The records should be copied out again with no alteration.

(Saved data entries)
###
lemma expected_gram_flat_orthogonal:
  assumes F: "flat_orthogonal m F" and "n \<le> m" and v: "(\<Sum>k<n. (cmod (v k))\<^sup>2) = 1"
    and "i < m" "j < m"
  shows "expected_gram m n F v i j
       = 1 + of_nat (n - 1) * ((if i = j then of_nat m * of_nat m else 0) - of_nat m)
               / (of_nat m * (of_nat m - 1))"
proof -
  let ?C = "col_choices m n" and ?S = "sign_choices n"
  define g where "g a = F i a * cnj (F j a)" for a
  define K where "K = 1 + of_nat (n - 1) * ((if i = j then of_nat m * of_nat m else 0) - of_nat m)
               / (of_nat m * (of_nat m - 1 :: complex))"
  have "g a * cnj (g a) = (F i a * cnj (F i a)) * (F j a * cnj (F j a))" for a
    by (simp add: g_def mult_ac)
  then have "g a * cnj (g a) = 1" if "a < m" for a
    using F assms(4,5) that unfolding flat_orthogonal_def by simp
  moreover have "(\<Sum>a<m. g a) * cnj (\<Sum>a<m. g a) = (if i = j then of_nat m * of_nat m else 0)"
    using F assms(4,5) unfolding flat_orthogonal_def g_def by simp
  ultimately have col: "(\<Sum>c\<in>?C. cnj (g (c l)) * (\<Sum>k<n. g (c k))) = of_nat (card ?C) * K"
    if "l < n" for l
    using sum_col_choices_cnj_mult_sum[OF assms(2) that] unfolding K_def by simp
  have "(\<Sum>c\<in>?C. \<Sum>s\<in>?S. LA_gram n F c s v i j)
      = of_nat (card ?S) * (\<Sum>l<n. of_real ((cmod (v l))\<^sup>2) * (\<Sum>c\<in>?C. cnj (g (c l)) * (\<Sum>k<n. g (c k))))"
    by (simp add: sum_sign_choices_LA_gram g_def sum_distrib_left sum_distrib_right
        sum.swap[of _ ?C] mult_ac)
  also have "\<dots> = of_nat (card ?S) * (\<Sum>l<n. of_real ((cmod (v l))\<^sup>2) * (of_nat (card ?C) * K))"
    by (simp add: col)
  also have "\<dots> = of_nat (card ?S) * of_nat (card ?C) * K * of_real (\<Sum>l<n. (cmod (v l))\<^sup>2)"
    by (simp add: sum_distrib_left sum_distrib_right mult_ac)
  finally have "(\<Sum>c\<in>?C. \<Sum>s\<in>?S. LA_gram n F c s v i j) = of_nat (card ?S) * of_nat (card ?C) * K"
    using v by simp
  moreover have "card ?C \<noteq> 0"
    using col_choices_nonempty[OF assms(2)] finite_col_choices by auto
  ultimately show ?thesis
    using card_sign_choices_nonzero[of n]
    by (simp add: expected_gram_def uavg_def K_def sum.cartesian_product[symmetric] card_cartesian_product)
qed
###
--- Response box ---
lemma expected_gram_flat_orthogonal:
  assumes F: "flat_orthogonal m F" and "n \<le> m" and v: "(\<Sum>k<n. (cmod (v k))\<^sup>2) = 1"
    and "i < m" "j < m"
  shows "expected_gram m n F v i j
       = 1 + of_nat (n - 1) * ((if i = j then of_nat m * of_nat m else 0) - of_nat m)
               / (of_nat m * (of_nat m - 1))"
proof -
  let ?C = "col_choices m n" and ?S = "sign_choices n"
  define g where "g a = F i a * cnj (F j a)" for a
  define K where "K = 1 + of_nat (n - 1) * ((if i = j then of_nat m * of_nat m else 0) - of_nat m)
               / (of_nat m * (of_nat m - 1 :: complex))"
  have "g a * cnj (g a) = (F i a * cnj (F i a)) * (F j a * cnj (F j a))" for a
    by (simp add: g_def mult_ac)
  then have "g a * cnj (g a) = 1" if "a < m" for a
    using F assms(4,5) that unfolding flat_orthogonal_def by simp
  moreover have "(\<Sum>a<m. g a) * cnj (\<Sum>a<m. g a) = (if i = j then of_nat m * of_nat m else 0)"
    using F assms(4,5) unfolding flat_orthogonal_def g_def by simp
  ultimately have col: "(\<Sum>c\<in>?C. cnj (g (c l)) * (\<Sum>k<n. g (c k))) = of_nat (card ?C) * K"
    if "l < n" for l
    using sum_col_choices_cnj_mult_sum[OF assms(2) that] unfolding K_def by simp
  have "(\<Sum>c\<in>?C. \<Sum>s\<in>?S. LA_gram n F c s v i j)
      = of_nat (card ?S) * (\<Sum>l<n. of_real ((cmod (v l))\<^sup>2) * (\<Sum>c\<in>?C. cnj (g (c l)) * (\<Sum>k<n. g (c k))))"
    by (simp add: sum_sign_choices_LA_gram g_def sum_distrib_left sum_distrib_right
        sum.swap[of _ ?C] mult_ac)
  also have "\<dots> = of_nat (card ?S) * (\<Sum>l<n. of_real ((cmod (v l))\<^sup>2) * (of_nat (card ?C) * K))"
    by (simp add: col)
  also have "\<dots> = of_nat (card ?S) * of_nat (card ?C) * K * of_real (\<Sum>l<n. (cmod (v l))\<^sup>2)"
    by (simp add: sum_distrib_left sum_distrib_right mult_ac)
  finally have "(\<Sum>c\<in>?C. \<Sum>s\<in>?S. LA_gram n F c s v i j) = of_nat (card ?S) * of_nat (card ?C) * K"
    using v by simp
  moreover have "card ?C \<noteq> 0"
    using col_choices_nonempty[OF assms(2)] finite_col_choices by auto
  ultimately show ?thesis
    using card_sign_choices_nonzero[of n]
    by (simp add: expected_gram_def uavg_def K_def sum.cartesian_product[symmetric] card_cartesian_product)
qed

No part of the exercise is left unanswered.